■ **Brief**:
Read through the lines below and copy the ones holding the string "Otimes".
────────────────
text \<open>Both directions pass through an exponential bound \<open>p_l \<le> C r^l\<close> with \<open>r < 1\<close>, which is
  equivalent to \<open>limsup root l p_l < 1\<close>. Given such a bound, the terms \<open>(l choose k) p_l\<close> of the
  series for \<open>a(p)_k\<close> are dominated by \<open>C D^k q^(l-k)\<close> with \<open>q < 1\<close>, so all series converge and
  \<open>a(p)_k \<le> M D^k\<close>, which is absorbed into \<open>\<delta>^k\<close> for \<open>k \<ge> 2\<close>. Conversely \<open>a(p)_k \<le> \<delta>^k\<close> bounds
  every single term \<open>(l choose k) p_l \<le> (k + 1) \<delta>^k\<close>; taking \<open>k\<close> proportional to \<open>l\<close> with a large
  enough ratio \<open>l/k \<ge> 4\<delta>\<close> makes \<open>p_l\<close> exponentially small.\<close>

lemma exponential_bound_of_limsup_root_less_one:
  fixes p :: "nat \<Rightarrow> real"
  assumes lim: "limsup (\<lambda>k. ereal (root k (p k))) < 1" and nonneg: "\<And>k. 0 \<le> p k"
  obtains r C where "0 < r" "r < 1" "1 \<le> C" "\<And>k. p k \<le> C * r ^ k"
proof -
  obtain r0 where r0: "limsup (\<lambda>k. ereal (root k (p k))) < ereal r0" "r0 < 1"
    using ereal_dense2[OF lim] by auto
  define r where "r = max r0 (1 / 2)"
  have r: "0 < r" "r < 1" using r0 unfolding r_def by auto
  have "limsup (\<lambda>k. ereal (root k (p k))) < ereal r"
    using r0(1) unfolding r_def by (rule order.strict_trans2) simp
  then have "\<forall>\<^sub>F k in sequentially. ereal (root k (p k)) < ereal r"
    by (rule Limsup_lessD)
  then obtain K where K: "\<And>k. k \<ge> K \<Longrightarrow> root k (p k) < r"
    unfolding eventually_sequentially by auto
  define C where "C = 1 + (\<Sum>k\<le>K. p k / r ^ k)"
  have quot_le_C: "p k / r ^ k \<le> C" if "k \<le> K" for k
    using member_le_sum[of k "{..K}" "\<lambda>k. p k / r ^ k"] that nonneg r
    unfolding C_def by force
  have "1 \<le> C" using nonneg r unfolding C_def by (auto intro: sum_nonneg)
  moreover have "p k \<le> C * r ^ k" for k
  proof (cases "k \<le> K")
    case True
    then show ?thesis using quot_le_C[OF True] r by (simp add: divide_le_eq)
  next
    case False
    then have "0 < k" "root k (p k) < r" using K by auto
    then have "p k \<le> r ^ k"
      using nonneg real_root_pow_pos2 power_mono real_root_ge_zero
      by (metis less_imp_le)
    also have "\<dots> \<le> C * r ^ k" using \<open>1 \<le> C\<close> r by simp
    finally show ?thesis .
  qed
  ultimately show ?thesis using that r by blast
qed
(* Let $j,k$ be two settings. For each $i\in\{j,k\}$ suppose $Y^i = \theta^i D^i + f^i(X^i,A^i) + \varepsilon^i$ with $E[\varepsilon^i\mid D^i,X^i,A^i]=0$ (with $D^i$ a real-valued treatment, $X^i$ observed and $A^i$ unobserved covariates), let $\theta^i_s$ denote the short-regression parameter omitting $A^i$, and let $B^i = \theta^i_s - \theta^i$ be the omitted variable bias. Assume $B^i \in [\nu^i_l,\nu^i_u]$ for known constants $\nu^i_l\le\nu^i_u$, $i\in\{j,k\}$, and assume $B^j = \rho^{jk} B^k$ for some $\rho^{jk} \in [\rho^{jk}_l, \rho^{jk}_u]$ with known constants $0<\rho^{jk}_l\le 1$ and $\rho^{jk}_u \ge 1$. Let \[ \mathbb{C}^{jk} = \{(\rho^{jk}_l-1)\nu^k_l,\ (\rho^{jk}_u-1)\nu^k_l,\ (\rho^{jk}_l-1)\nu^k_u,\ (\rho^{jk}_u-1)\nu^k_u\}, \] $c^{jk}_l = \min \mathbb{C}^{jk}$, $c^{jk}_u = \max\mathbb{C}^{jk}$, and $\mathcal{I}^i = [\theta^i_s - \nu^i_u, \theta^i_s - \nu^i_l]$. Then the true pair $(\theta^j,\theta^k)$ belongs to \[ \mathcal{J}^{jk} = \{(\theta^j,\theta^k) : \theta^j\in\mathcal{I}^j,\ \theta^k\in\mathcal{I}^k,\ \theta^j-\theta^k \in \mathcal{I}^{jk}_D\}, \] where $\mathcal{I}^{jk}_D = [(\theta^j_s-\theta^k_s) - c^{jk}_u,\ (\theta^j_s-\theta^k_s) - c^{jk}_l]$.
   Context: For a setting $i$, the long parameter is $\theta^i = E[Y^i\alpha^i]$ with $\alpha^i = (D^i - E[D^i\mid X^i,A^i])/E[(D^i - E[D^i\mid X^i,A^i])^2]$, and the short parameter is $\theta^i_s = E[Y^i\alpha^i_s]$ with $\alpha^i_s = (D^i - E[D^i\mid X^i])/E[(D^i - E[D^i\mid X^i])^2]$. The omitted variable bias is $B^i = \theta^i_s - \theta^i$. *)

theory Defs
  imports "HOL-Probability.Probability"
begin

definition gen_sigma :: "'a measure \<Rightarrow> ('a \<Rightarrow> 'b) \<Rightarrow> 'b measure \<Rightarrow> 'a measure" where
  "gen_sigma M Z N = vimage_algebra (space M) Z N"

definition long_alpha :: "'a measure \<Rightarrow> 'x measure \<Rightarrow> 'u measure \<Rightarrow>
    ('a \<Rightarrow> real) \<Rightarrow> ('a \<Rightarrow> 'x) \<Rightarrow> ('a \<Rightarrow> 'u) \<Rightarrow> 'a \<Rightarrow> real" where
  "long_alpha M MX MA D X A =
     (let R = (\<lambda>\<omega>. D \<omega> - real_cond_exp M (gen_sigma M (\<lambda>\<omega>. (X \<omega>, A \<omega>)) (MX \<Otimes>\<^sub>M MA)) D \<omega>)
      in (\<lambda>\<omega>. R \<omega> / (\<integral>\<omega>'. (R \<omega>')\<^sup>2 \<partial>M)))"

definition short_alpha :: "'a measure \<Rightarrow> 'x measure \<Rightarrow>
    ('a \<Rightarrow> real) \<Rightarrow> ('a \<Rightarrow> 'x) \<Rightarrow> 'a \<Rightarrow> real" where
  "short_alpha M MX D X =
     (let R = (\<lambda>\<omega>. D \<omega> - real_cond_exp M (gen_sigma M X MX) D \<omega>)
      in (\<lambda>\<omega>. R \<omega> / (\<integral>\<omega>'. (R \<omega>')\<^sup>2 \<partial>M)))"

definition long_param :: "'a measure \<Rightarrow> 'x measure \<Rightarrow> 'u measure \<Rightarrow>
    ('a \<Rightarrow> real) \<Rightarrow> ('a \<Rightarrow> real) \<Rightarrow> ('a \<Rightarrow> 'x) \<Rightarrow> ('a \<Rightarrow> 'u) \<Rightarrow> real" where
  "long_param M MX MA Y D X A = (\<integral>\<omega>. Y \<omega> * long_alpha M MX MA D X A \<omega> \<partial>M)"

definition short_param :: "'a measure \<Rightarrow> 'x measure \<Rightarrow>
    ('a \<Rightarrow> real) \<Rightarrow> ('a \<Rightarrow> real) \<Rightarrow> ('a \<Rightarrow> 'x) \<Rightarrow> real" where
  "short_param M MX Y D X = (\<integral>\<omega>. Y \<omega> * short_alpha M MX D X \<omega> \<partial>M)"

definition ov_bias :: "'a measure \<Rightarrow> 'x measure \<Rightarrow> 'u measure \<Rightarrow>
    ('a \<Rightarrow> real) \<Rightarrow> ('a \<Rightarrow> real) \<Rightarrow> ('a \<Rightarrow> 'x) \<Rightarrow> ('a \<Rightarrow> 'u) \<Rightarrow> real" where
  "ov_bias M MX MA Y D X A = short_param M MX Y D X - long_param M MX MA Y D X A"

definition plm_model :: "'a measure \<Rightarrow> 'x measure \<Rightarrow> 'u measure \<Rightarrow>
    ('a \<Rightarrow> real) \<Rightarrow> ('a \<Rightarrow> real) \<Rightarrow> ('a \<Rightarrow> 'x) \<Rightarrow> ('a \<Rightarrow> 'u) \<Rightarrow>
    ('x \<times> 'u \<Rightarrow> real) \<Rightarrow> ('a \<Rightarrow> real) \<Rightarrow> bool" where
  "plm_model M MX MA Y D X A f eps \<longleftrightarrow>
     prob_space M \<and>
     D \<in> borel_measurable M \<and> X \<in> M \<rightarrow>\<^sub>M MX \<and> A \<in> M \<rightarrow>\<^sub>M MA \<and>
     f \<in> borel_measurable (MX \<Otimes>\<^sub>M MA) \<and>
     integrable M eps \<and>
     (\<forall>\<omega>\<in>space M. Y \<omega> = long_param M MX MA Y D X A * D \<omega> + f (X \<omega>, A \<omega>) + eps \<omega>) \<and>
     (AE \<omega> in M. real_cond_exp M
        (gen_sigma M (\<lambda>\<omega>. (D \<omega>, X \<omega>, A \<omega>)) (borel \<Otimes>\<^sub>M MX \<Otimes>\<^sub>M MA)) eps \<omega> = 0)"

definition Cset :: "real \<Rightarrow> real \<Rightarrow> real \<Rightarrow> real \<Rightarrow> real set" where
  "Cset rl ru nl nu = {(rl - 1) * nl, (ru - 1) * nl, (rl - 1) * nu, (ru - 1) * nu}"

definition c_low :: "real \<Rightarrow> real \<Rightarrow> real \<Rightarrow> real \<Rightarrow> real" where
  "c_low rl ru nl nu = Min (Cset rl ru nl nu)"

definition c_up :: "real \<Rightarrow> real \<Rightarrow> real \<Rightarrow> real \<Rightarrow> real" where
  "c_up rl ru nl nu = Max (Cset rl ru nl nu)"

definition I_int :: "real \<Rightarrow> real \<Rightarrow> real \<Rightarrow> real set" where
  "I_int ts nl nu = {ts - nu .. ts - nl}"

definition ID_int :: "real \<Rightarrow> real \<Rightarrow> real \<Rightarrow> real \<Rightarrow> real \<Rightarrow> real \<Rightarrow> real set" where
  "ID_int tsj tsk rl ru nkl nku =
     {(tsj - tsk) - c_up rl ru nkl nku .. (tsj - tsk) - c_low rl ru nkl nku}"

definition J_set :: "real \<Rightarrow> real \<Rightarrow> real \<Rightarrow> real \<Rightarrow> real \<Rightarrow> real \<Rightarrow>
    real \<Rightarrow> real \<Rightarrow> (real \<times> real) set" where
  "J_set tsj tsk njl nju nkl nku rl ru =
     {(tj, tk). tj \<in> I_int tsj njl nju \<and> tk \<in> I_int tsk nkl nku \<and>
                tj - tk \<in> ID_int tsj tsk rl ru nkl nku}"

end

theory Submission
  imports Defs
begin

lemma mult_right_between:
  fixes a x c b :: "'a :: linordered_idom"
  assumes "a \<le> x" "x \<le> c"
  shows "min (a * b) (c * b) \<le> x * b \<and> x * b \<le> max (a * b) (c * b)"
proof (cases "0 \<le> b")
  case True
  then have "a * b \<le> x * b" "x * b \<le> c * b"
    using assms by (auto intro: mult_right_mono)
  then show ?thesis by linarith
next
  case False
  then have "c * b \<le> x * b" "x * b \<le> a * b"
    using assms by (auto intro: mult_right_mono_neg)
  then show ?thesis by linarith
qed

lemma mult_between_corners:
  fixes a b c d x y :: "'a :: linordered_idom"
  assumes "a \<le> x" "x \<le> b" "c \<le> y" "y \<le> d"
  shows "Min {a * c, b * c, a * d, b * d} \<le> x * y \<and> x * y \<le> Max {a * c, b * c, a * d, b * d}"
proof -
  have x_side: "min (a * y) (b * y) \<le> x * y \<and> x * y \<le> max (a * y) (b * y)"
    using mult_right_between assms(1,2) .
  have "min (c * a) (d * a) \<le> y * a \<and> y * a \<le> max (c * a) (d * a)"
       "min (c * b) (d * b) \<le> y * b \<and> y * b \<le> max (c * b) (d * b)"
    using mult_right_between assms(3,4) by blast+
  then have y_side: "min (a * c) (a * d) \<le> a * y \<and> a * y \<le> max (a * c) (a * d)"
       "min (b * c) (b * d) \<le> b * y \<and> b * y \<le> max (b * c) (b * d)"
    by (simp_all add: mult.commute)
  show ?thesis
    using x_side y_side by (auto simp: min_def max_def split: if_splits)
qed

lemma mult_between_c_low_c_up:
  assumes "rl \<le> rho" "rho \<le> ru" "nl \<le> b" "b \<le> nu"
  shows "(rho - 1) * b \<in> {c_low rl ru nl nu .. c_up rl ru nl nu}"
  using mult_between_corners[of "rl - 1" "rho - 1" "ru - 1" nl b nu] assms
  by (simp add: c_low_def c_up_def Cset_def)

lemma long_param_eq_short_param_minus_ov_bias:
  "long_param M MX MA Y D X A = short_param M MX Y D X - ov_bias M MX MA Y D X A"
  by (simp add: ov_bias_def)

theorem proposition2:
  fixes Mj :: "'a measure" and MXj :: "'x measure" and MAj :: "'u measure"
    and Yj Dj epsj :: "'a \<Rightarrow> real" and Xj :: "'a \<Rightarrow> 'x" and Aj :: "'a \<Rightarrow> 'u"
    and fj :: "'x \<times> 'u \<Rightarrow> real"
    and Mk :: "'b measure" and MXk :: "'y measure" and MAk :: "'v measure"
    and Yk Dk epsk :: "'b \<Rightarrow> real" and Xk :: "'b \<Rightarrow> 'y" and Ak :: "'b \<Rightarrow> 'v"
    and fk :: "'y \<times> 'v \<Rightarrow> real"
    and njl nju nkl nku rho rl ru :: real
  assumes model_j: "plm_model Mj MXj MAj Yj Dj Xj Aj fj epsj"
    and model_k: "plm_model Mk MXk MAk Yk Dk Xk Ak fk epsk"
    and nj: "njl \<le> nju" and nk: "nkl \<le> nku"
    and Bj: "ov_bias Mj MXj MAj Yj Dj Xj Aj \<in> {njl..nju}"
    and Bk: "ov_bias Mk MXk MAk Yk Dk Xk Ak \<in> {nkl..nku}"
    and rl: "0 < rl" "rl \<le> 1" and ru: "ru \<ge> 1"
    and rho: "rho \<in> {rl..ru}"
    and Bjk: "ov_bias Mj MXj MAj Yj Dj Xj Aj = rho * ov_bias Mk MXk MAk Yk Dk Xk Ak"
  shows "(long_param Mj MXj MAj Yj Dj Xj Aj, long_param Mk MXk MAk Yk Dk Xk Ak)
           \<in> J_set (short_param Mj MXj Yj Dj Xj) (short_param Mk MXk Yk Dk Xk)
                   njl nju nkl nku rl ru"
proof -
  define bj where "bj = ov_bias Mj MXj MAj Yj Dj Xj Aj"
  define bk where "bk = ov_bias Mk MXk MAk Yk Dk Xk Ak"
  have bias_difference: "bj - bk = (rho - 1) * bk"
    using Bjk by (simp add: bj_def bk_def algebra_simps)
  have "(rho - 1) * bk \<in> {c_low rl ru nkl nku .. c_up rl ru nkl nku}"
    using mult_between_c_low_c_up rho Bk by (simp add: bk_def)
  then show ?thesis
    using Bj Bk bias_difference
    unfolding J_set_def I_int_def ID_int_def long_param_eq_short_param_minus_ov_bias
      bj_def [symmetric] bk_def [symmetric]
    by auto
qed

end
────────────────
■ **Result for this exercise**:
     (let R = (\<lambda>\<omega>. D \<omega> - real_cond_exp M (gen_sigma M (\<lambda>\<omega>. (X \<omega>, A \<omega>)) (MX \<Otimes>\<^sub>M MA)) D \<omega>)
     f \<in> borel_measurable (MX \<Otimes>\<^sub>M MA) \<and>
        (gen_sigma M (\<lambda>\<omega>. (D \<omega>, X \<omega>, A \<omega>)) (borel \<Otimes>\<^sub>M MX \<Otimes>\<^sub>M MA)) eps \<omega> = 0)"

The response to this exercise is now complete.